▶ [Assigned task]
Reproduce exactly the lines below from the one containing "using c_nonzero by (intro" through the one containing "proof (rule mult_order_dvd_card_invariant)", including both, and nothing else.

▶ [Records]

lemma funpow_W: "(\<sigma> ^^ n) (W u) = W (c ^ n * u)"
  by (induction n) (simp_all add: sigma_W mult.assoc)

lemma funpow_fixes_range:
  assumes "c ^ n = 1" "B \<in> range W"
  shows "(\<sigma> ^^ n) B = B"
  using assms by (auto simp: funpow_W)

lemma inj_on_range: "inj_on \<sigma> (range W)"
proof (rule inj_onI, clarify)
  fix u v assume eq: "\<sigma> (W u) = \<sigma> (W v)"
  obtain e where e: "mult_order c = Suc e"
    using mult_order(1)[OF c_nonzero] gr0_implies_Suc by blast
  note periodic = funpow_fixes_range[OF mult_order(2)[OF c_nonzero], unfolded e]
  have "W u = (\<sigma> ^^ Suc e) (W u)" using periodic by simp
  also have "\<dots> = (\<sigma> ^^ e) (\<sigma> (W v))" by (simp only: funpow_Suc_right comp_def eq)
  also have "\<dots> = W v" using periodic by (simp only: funpow_Suc_right comp_def [symmetric]) simp
  finally show "W u = W v" .
qed

lemma fibre_sigma:
  assumes "B \<in> range W"
  shows "fibre (\<sigma> B) = (\<lambda>u. c * u) ` fibre B"
proof
  show "(\<lambda>u. c * u) ` fibre B \<subseteq> fibre (\<sigma> B)"
    using c_nonzero by (auto simp: fibre_def sigma_W)
  show "fibre (\<sigma> B) \<subseteq> (\<lambda>u. c * u) ` fibre B"
  proof
    fix u assume "u \<in> fibre (\<sigma> B)"
    then have "u \<noteq> 0" "\<sigma> (W (u / c)) = \<sigma> B"
      using c_nonzero by (simp_all add: fibre_def sigma_W)
    then have "W (u / c) = B" using inj_onD[OF inj_on_range] assms by blast
    then show "u \<in> (\<lambda>u. c * u) ` fibre B"
      using \<open>u \<noteq> 0\<close> c_nonzero by (auto simp: fibre_def intro: image_eqI [of _ _ "u / c"])
  qed
qed

lemma card_fibre_funpow:
  assumes "B \<in> range W"
  shows "card (fibre ((\<sigma> ^^ n) B)) = card (fibre B)"
proof (induction n)
  case (Suc n)
  have "(\<sigma> ^^ n) B \<in> range W" using assms by (auto simp: funpow_W)
  then have "card (fibre ((\<sigma> ^^ Suc n) B))
      = card ((\<lambda>u. c * u) ` fibre ((\<sigma> ^^ n) B))"
    by (simp add: fibre_sigma)
  also have "\<dots> = card (fibre ((\<sigma> ^^ n) B))"
    using c_nonzero by (intro card_image inj_onI) simp
  finally show ?case using Suc by simp
qed simp

lemma mult_order_dvd_card_fibre:
  assumes "(\<sigma> ^^ k) B = B"
  shows "mult_order (c ^ k) dvd card (fibre B)"
proof (rule mult_order_dvd_card_invariant)
  show "\<forall>u\<in>fibre B. c ^ k * u \<in> fibre B"
    using assms c_nonzero by (auto simp: fibre_def simp flip: funpow_W)
qed (use c_nonzero in \<open>simp_all add: fibre_def\<close>)

definition period :: nat where
  "period = (LEAST n. 0 < n \<and> (\<forall>B\<in>W ` (UNIV - {0}). (\<sigma> ^^ n) B = B))"

lemma period_dvd:
  assumes "0 < n" "c ^ n = 1"
  shows "0 < period" "\<forall>B\<in>W ` (UNIV - {0}). (\<sigma> ^^ period) B = B" "period dvd n"
proof -
  have "\<forall>B\<in>W ` (UNIV - {0}). (\<sigma> ^^ n) B = B"
    using funpow_fixes_range[OF assms(2)] by blast
  from least_common_period_dvd[OF assms(1) this]
  show "0 < period" "\<forall>B\<in>W ` (UNIV - {0}). (\<sigma> ^^ period) B = B" "period dvd n"
    unfolding period_def by blast+
qed

context
  fixes k :: nat and A :: "nat \<Rightarrow> 'b"
  assumes k: "0 < k"
    and inj: "inj_on A {..<k}"
    and in_image: "\<forall>i<k. A i \<in> W ` (UNIV - {0})"
    and cycle: "\<forall>i<k. \<sigma> (A i) = A ((i + 1) mod k)"
begin

lemma funpow_cycle: "(\<sigma> ^^ n) (A 0) = A (n mod k)"
  by (rule funpow_cyclic_sequence [OF k cycle])

lemma cycle_length_dvd_period: "k dvd period"
proof -
  have "inj_on (\<lambda>i. (\<sigma> ^^ i) (A 0)) {..<k}"
    unfolding funpow_cycle using inj by (auto simp: inj_on_def)
  moreover have "(\<sigma> ^^ k) (A 0) = A 0" using funpow_cycle[of k] by simp
  moreover have "(\<sigma> ^^ period) (A 0) = A 0"
    using period_dvd[OF mult_order[OF c_nonzero]] in_image k by blast
  ultimately show ?thesis by (rule funpow_cycle_length_dvd [OF k])
qed

lemma card_fibre_cycle:
  assumes "i < k"
  shows "card (fibre (A i)) = card (fibre (A 0))"
proof -
  have "A 0 \<in> range W" using in_image k by blast
  then show ?thesis using card_fibre_funpow[of "A 0" i] funpow_cycle[of i] assms by simp
qed

lemma period_div_cycle_length_dvd_card_fibre: "period div k dvd card (fibre (A 0))"
proof -
  define e where "e = mult_order (c ^ k)"
  have "0 < e" "c ^ (k * e) = 1"
    using mult_order[of "c ^ k"] c_nonzero by (simp_all add: e_def power_mult)
  then have "period dvd k * e" using period_dvd[of "k * e"] k by simp
  then have "period div k dvd e" using cycle_length_dvd_period k by (auto elim!: dvdE)
  also have "e dvd card (fibre (A 0))"
    unfolding e_def by (rule mult_order_dvd_card_fibre) (simp add: funpow_cycle)
  finally show ?thesis .
qed

end

end

theorem lemma2p3:
  fixes T :: "'a::{field,finite} itself"
    and s g k :: nat and A :: "nat \<Rightarrow> complex"
  assumes "0 < s"
    and "coprime s (CARD('a) - 1)"
    and "residue_primroot CHAR('a) g"
    and "0 < k"
    and "inj_on A {..<k}"
    and "\<forall>i<k. A i \<in> Wset T s"
    and "\<forall>i<k. gal_sigma CHAR('a) g (A i) = A ((i + 1) mod k)"
  shows "k dvd tau_order T s g
    \<and> (\<forall>i<k. NA T s (A i) = NA T s (A 0))
    \<and> (tau_order T s g div k) dvd NA T s (A 0)"
proof -
  obtain c :: 'a where "c \<noteq> 0" and "\<forall>u. gal_sigma CHAR('a) g (Wsum s u) = Wsum s (c * u)"
    using gal_sigma_Wsum[OF assms(2)] assms(3) by (auto simp: residue_primroot_def)
  then interpret scaling_equivariant "Wsum s" "gal_sigma CHAR('a) g" c
    by unfold_locales simp_all
  have tau: "tau_order T s g = period" unfolding tau_order_def period_def Wset_def ..
  have NA: "NA T s B = card (fibre B)" for B unfolding NA_def fibre_def ..
  note cycle = assms(4,5) assms(6) [unfolded Wset_def] assms(7)
  show ?thesis
    unfolding tau NA
    using cycle_length_dvd_period[OF cycle] card_fibre_cycle[OF cycle]
      period_div_cycle_length_dvd_card_fibre[OF cycle]
    by blast
qed

end
(* Let $G=A\oplus B$ be an abelian group such that $\mathrm{Hom}(B,A)=\{0\}$. Then $G$ is strongly co-Hopfian if and only if both $A$ and $B$ are strongly co-Hopfian.
   Context: All groups are additive abelian groups. A group $G$ is strongly co-Hopfian (Sco-H) if for every endomorphism $f$ of $G$ the descending chain $\operatorname{im} f\supseteq \operatorname{im} f^2\supseteq\cdots\supseteq \operatorname{im} f^n\supseteq\cdots$ is stationary, i.e. $f^n(G)=f^{n+1}(G)$ for some $n\in\mathbb N$. *)

theory Defs
  imports Main "HOL-Library.Product_Plus"
begin

definition group_hom :: "('a::ab_group_add \<Rightarrow> 'b::ab_group_add) \<Rightarrow> bool" where
  "group_hom f \<longleftrightarrow> (\<forall>x y. f (x + y) = f x + f y)"

definition strongly_co_Hopfian :: "'a::ab_group_add itself \<Rightarrow> bool" where
  "strongly_co_Hopfian (_ :: 'a itself) \<longleftrightarrow>
     (\<forall>f :: 'a \<Rightarrow> 'a. group_hom f \<longrightarrow>
        (\<exists>n. range (f ^^ n) = range (f ^^ Suc n)))"

end

theory Submission
  imports Defs
begin

text \<open>
A direct summand A of G is a retract: an endomorphism f of A extends to s \<circ> f \<circ> p on G,
and the projection p maps the image chain of this extension onto that of f. So summands of a
strongly co-Hopfian group are strongly co-Hopfian, with no condition on Hom(B, A).

Conversely, Hom(B, A) = 0 makes every endomorphism F of A \<oplus> B triangular: F leaves B invariant,
acting there as some \<delta>, and induces some \<alpha> on (A \<oplus> B)/B \<cong> A. If the image chains of \<alpha> and \<delta>
are stationary from n on, then F^(2n)(G) = F^(2n+1)(G): modulo B, F^n y agrees with some
F^(n+1) u, and F^n maps the difference c \<in> B to \<delta>^n c, which lies in the stationary image
\<delta>^(2n+1)(B).
\<close>

lemma funpow_semiconj:
  assumes "\<And>x. p (g x) = f (p x)"
  shows "p ((g ^^ n) x) = (f ^^ n) (p x)"
  using assms by (induction n) auto

lemma image_range_funpow_semiconj:
  assumes "\<And>x. p (g x) = f (p x)" and "surj p"
  shows "p ` range (g ^^ n) = range (f ^^ n)"
proof -
  have "p ` range (g ^^ n) = (f ^^ n) ` range p"
    using funpow_semiconj[of p g f, OF assms(1)] by (simp add: image_image)
  then show ?thesis
    using assms(2) by simp
qed

lemma range_funpow_Suc_subset:
  fixes f :: "'a \<Rightarrow> 'a"
  shows "range (f ^^ Suc n) \<subseteq> range (f ^^ n)"
  by (auto simp: funpow_Suc_right simp del: funpow.simps)

lemma range_funpow_eq_if_stable:
  fixes f :: "'a \<Rightarrow> 'a"
  assumes stable: "range (f ^^ n) = range (f ^^ Suc n)" and "n \<le> m"
  shows "range (f ^^ m) = range (f ^^ n)"
  using \<open>n \<le> m\<close>
proof (induction m rule: dec_induct)
  case (step m)
  have "range (f ^^ Suc m) = f ` range (f ^^ m)"
    by (simp add: image_comp)
  also have "\<dots> = f ` range (f ^^ n)"
    using step.IH by simp
  also have "\<dots> = range (f ^^ Suc n)"
    by (simp add: image_comp)
  also have "\<dots> = range (f ^^ n)"
    by (rule stable[symmetric])
  finally show ?case .
qed simp

lemma group_hom_comp: "group_hom f \<Longrightarrow> group_hom g \<Longrightarrow> group_hom (\<lambda>x. f (g x))"
  by (simp add: group_hom_def)

lemma group_hom_funpow:
  fixes f :: "'a::ab_group_add \<Rightarrow> 'a"
  shows "group_hom f \<Longrightarrow> group_hom (f ^^ n)"
  by (induction n) (auto simp: group_hom_def)

lemma group_hom_diff: "group_hom f \<Longrightarrow> f (x - y) = f x - f y"
  unfolding group_hom_def by (metis eq_diff_eq)

lemma group_hom_fst: "group_hom fst"
  and group_hom_snd: "group_hom snd"
  and group_hom_Pair_left: "group_hom (\<lambda>a. (a, 0))"
  and group_hom_Pair_right: "group_hom (\<lambda>b. (0, b))"
  by (simp_all add: group_hom_def)

lemma strongly_co_Hopfian_retract:
  fixes p :: "'c::ab_group_add \<Rightarrow> 'a::ab_group_add" and s :: "'a \<Rightarrow> 'c"
  assumes "group_hom p" "group_hom s" and retraction: "\<And>a. p (s a) = a"
    and "strongly_co_Hopfian TYPE('c)"
  shows "strongly_co_Hopfian TYPE('a)"
  unfolding strongly_co_Hopfian_def
proof (intro allI impI)
  fix f :: "'a \<Rightarrow> 'a"
  assume "group_hom f"
  define g where "g x = s (f (p x))" for x
  have "group_hom g"
    unfolding g_def by (rule group_hom_comp[OF assms(2) group_hom_comp[OF \<open>group_hom f\<close> assms(1)]])
  then obtain n where n: "range (g ^^ n) = range (g ^^ Suc n)"
    using \<open>strongly_co_Hopfian TYPE('c)\<close> unfolding strongly_co_Hopfian_def by blast
  have semiconj: "p (g x) = f (p x)" for x
    by (simp add: g_def retraction)
  have "surj p"
    using retraction by (metis surjI)
  show "\<exists>n. range (f ^^ n) = range (f ^^ Suc n)"
    using n image_range_funpow_semiconj[of p g f, OF semiconj \<open>surj p\<close>] by metis
qed

lemma range_funpow_stable_extension:
  fixes F :: "'c::ab_group_add \<Rightarrow> 'c" and \<alpha> :: "'a::ab_group_add \<Rightarrow> 'a"
    and \<delta> :: "'b::ab_group_add \<Rightarrow> 'b" and p :: "'c \<Rightarrow> 'a" and i :: "'b \<Rightarrow> 'c"
  assumes F: "group_hom F" and p: "group_hom p"
    and "surj p" and ker: "\<And>x. p x = 0 \<Longrightarrow> x \<in> range i"
    and quotient: "\<And>x. p (F x) = \<alpha> (p x)" and invariant: "\<And>b. F (i b) = i (\<delta> b)"
    and \<alpha>_stable: "range (\<alpha> ^^ n) = range (\<alpha> ^^ Suc n)"
    and \<delta>_stable: "range (\<delta> ^^ n) = range (\<delta> ^^ Suc n)"
  shows "range (F ^^ (n + n)) = range (F ^^ Suc (n + n))"
proof (rule subset_antisym)
  have F_i: "(F ^^ m) (i b) = i ((\<delta> ^^ m) b)" for m b
    using funpow_semiconj[of i \<delta> F, OF invariant[symmetric]] by simp
  have p_F: "p ((F ^^ m) x) = (\<alpha> ^^ m) (p x)" for m x
    using funpow_semiconj[of p F \<alpha>, OF quotient] .
  show "range (F ^^ (n + n)) \<subseteq> range (F ^^ Suc (n + n))"
  proof
    fix x
    assume "x \<in> range (F ^^ (n + n))"
    then obtain y where "x = (F ^^ (n + n)) y"
      by blast
    then have x: "x = (F ^^ n) ((F ^^ n) y)"
      by (simp add: funpow_add)
    have "(\<alpha> ^^ n) (p y) \<in> range (\<alpha> ^^ Suc n)"
      unfolding \<alpha>_stable[symmetric] by (rule rangeI)
    then obtain a where a: "(\<alpha> ^^ n) (p y) = (\<alpha> ^^ Suc n) a"
      by blast
    obtain u where "a = p u"
      using \<open>surj p\<close> by (rule surjE)
    then have "p ((F ^^ n) y - (F ^^ Suc n) u) = 0"
      using a by (simp only: group_hom_diff[OF p] p_F diff_self)
    then obtain c where "(F ^^ n) y - (F ^^ Suc n) u = i c"
      using ker by blast
    then have c: "(F ^^ n) y = (F ^^ Suc n) u + i c"
      by (simp add: diff_eq_eq)
    have "(\<delta> ^^ n) c \<in> range (\<delta> ^^ Suc (n + n))"
      using range_funpow_eq_if_stable[OF \<delta>_stable, of "Suc (n + n)"] by auto
    then obtain b where b: "(\<delta> ^^ n) c = (\<delta> ^^ Suc (n + n)) b"
      by blast
    have "x = (F ^^ n) ((F ^^ Suc n) u) + (F ^^ n) (i c)"
      using x c group_hom_funpow[OF F] by (simp add: group_hom_def del: funpow.simps)
    also have "\<dots> = (F ^^ Suc (n + n)) u + (F ^^ Suc (n + n)) (i b)"
      using b by (simp add: F_i flip: funpow_add[unfolded comp_def, THEN fun_cong] del: funpow.simps)
    also have "\<dots> = (F ^^ Suc (n + n)) (u + i b)"
      using group_hom_funpow[OF F] by (simp add: group_hom_def del: funpow.simps)
    finally show "x \<in> range (F ^^ Suc (n + n))"
      by (rule image_eqI[OF _ UNIV_I])
  qed
  show "range (F ^^ Suc (n + n)) \<subseteq> range (F ^^ (n + n))"
    by (rule range_funpow_Suc_subset)
qed

lemma strongly_co_Hopfian_prod:
  assumes no_hom: "\<forall>h :: 'b::ab_group_add \<Rightarrow> 'a::ab_group_add. group_hom h \<longrightarrow> h = (\<lambda>_. 0)"
    and "strongly_co_Hopfian TYPE('a)" and "strongly_co_Hopfian TYPE('b)"
  shows "strongly_co_Hopfian TYPE('a \<times> 'b)"
  unfolding strongly_co_Hopfian_def
proof (intro allI impI)
  fix F :: "'a \<times> 'b \<Rightarrow> 'a \<times> 'b"
  assume F: "group_hom F"
  define \<alpha> where "\<alpha> a = fst (F (a, 0))" for a
  define \<delta> where "\<delta> b = snd (F (0, b))" for b
  have "group_hom \<alpha>"
    unfolding \<alpha>_def by (rule group_hom_comp[OF group_hom_fst group_hom_comp[OF F group_hom_Pair_left]])
  have "group_hom \<delta>"
    unfolding \<delta>_def by (rule group_hom_comp[OF group_hom_snd group_hom_comp[OF F group_hom_Pair_right]])
  have "group_hom (\<lambda>b. fst (F (0, b)))"
    by (rule group_hom_comp[OF group_hom_fst group_hom_comp[OF F group_hom_Pair_right]])
  then have "(\<lambda>b. fst (F (0, b))) = (\<lambda>_. 0)"
    using no_hom by blast
  then have corner: "fst (F (0, b)) = 0" for b
    by (simp add: fun_eq_iff)
  have quotient: "fst (F x) = \<alpha> (fst x)" for x
  proof -
    have "x = (fst x, 0) + (0, snd x)"
      by simp
    then have "F x = F (fst x, 0) + F (0, snd x)"
      using F unfolding group_hom_def by metis
    then show ?thesis
      by (simp add: \<alpha>_def corner)
  qed
  have invariant: "F (0, b) = (0, \<delta> b)" for b
    by (simp add: \<delta>_def corner prod_eq_iff)
  obtain n\<^sub>1 where n\<^sub>1: "range (\<alpha> ^^ n\<^sub>1) = range (\<alpha> ^^ Suc n\<^sub>1)"
    using \<open>strongly_co_Hopfian TYPE('a)\<close> \<open>group_hom \<alpha>\<close> unfolding strongly_co_Hopfian_def by blast
  obtain n\<^sub>2 where n\<^sub>2: "range (\<delta> ^^ n\<^sub>2) = range (\<delta> ^^ Suc n\<^sub>2)"
    using \<open>strongly_co_Hopfian TYPE('b)\<close> \<open>group_hom \<delta>\<close> unfolding strongly_co_Hopfian_def by blast
  define n where "n = max n\<^sub>1 n\<^sub>2"
  have "n\<^sub>1 \<le> n" "n\<^sub>2 \<le> n"
    by (simp_all add: n_def)
  then have "range (\<alpha> ^^ n) = range (\<alpha> ^^ Suc n)"
    and "range (\<delta> ^^ n) = range (\<delta> ^^ Suc n)"
    using range_funpow_eq_if_stable[OF n\<^sub>1, of n] range_funpow_eq_if_stable[OF n\<^sub>1, of "Suc n"]
      range_funpow_eq_if_stable[OF n\<^sub>2, of n] range_funpow_eq_if_stable[OF n\<^sub>2, of "Suc n"]
    by simp_all
  moreover have "fst x = 0 \<Longrightarrow> x \<in> range (\<lambda>b. (0, b))" for x :: "'a \<times> 'b"
    by (metis prod.collapse rangeI)
  moreover have "surj (fst :: 'a \<times> 'b \<Rightarrow> 'a)"
    by (rule surjI[of _ "\<lambda>a. (a, 0)"]) simp
  ultimately have "range (F ^^ (n + n)) = range (F ^^ Suc (n + n))"
    using range_funpow_stable_extension[OF F group_hom_fst, where i = "\<lambda>b. (0, b)"]
      quotient invariant by blast
  then show "\<exists>n. range (F ^^ n) = range (F ^^ Suc n)" ..
qed

theorem mainTheorem1:
  assumes "\<forall>h :: 'b::ab_group_add \<Rightarrow> 'a::ab_group_add. group_hom h \<longrightarrow> h = (\<lambda>_. 0)"
  shows "strongly_co_Hopfian TYPE('a \<times> 'b) \<longleftrightarrow>
         strongly_co_Hopfian TYPE('a) \<and> strongly_co_Hopfian TYPE('b)"
proof (intro iffI conjI)
  assume "strongly_co_Hopfian TYPE('a \<times> 'b)"
  then show "strongly_co_Hopfian TYPE('a)" "strongly_co_Hopfian TYPE('b)"
    by (auto intro: strongly_co_Hopfian_retract[OF group_hom_fst group_hom_Pair_left]
                    strongly_co_Hopfian_retract[OF group_hom_snd group_hom_Pair_right])
next
  assume "strongly_co_Hopfian TYPE('a) \<and> strongly_co_Hopfian TYPE('b)"
  then show "strongly_co_Hopfian TYPE('a \<times> 'b)"
    using assms strongly_co_Hopfian_prod by blast
qed

end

▶ [Task solution]
    using c_nonzero by (intro card_image inj_onI) simp
  finally show ?case using Suc by simp
qed simp

lemma mult_order_dvd_card_fibre:
  assumes "(\<sigma> ^^ k) B = B"
  shows "mult_order (c ^ k) dvd card (fibre B)"
proof (rule mult_order_dvd_card_invariant)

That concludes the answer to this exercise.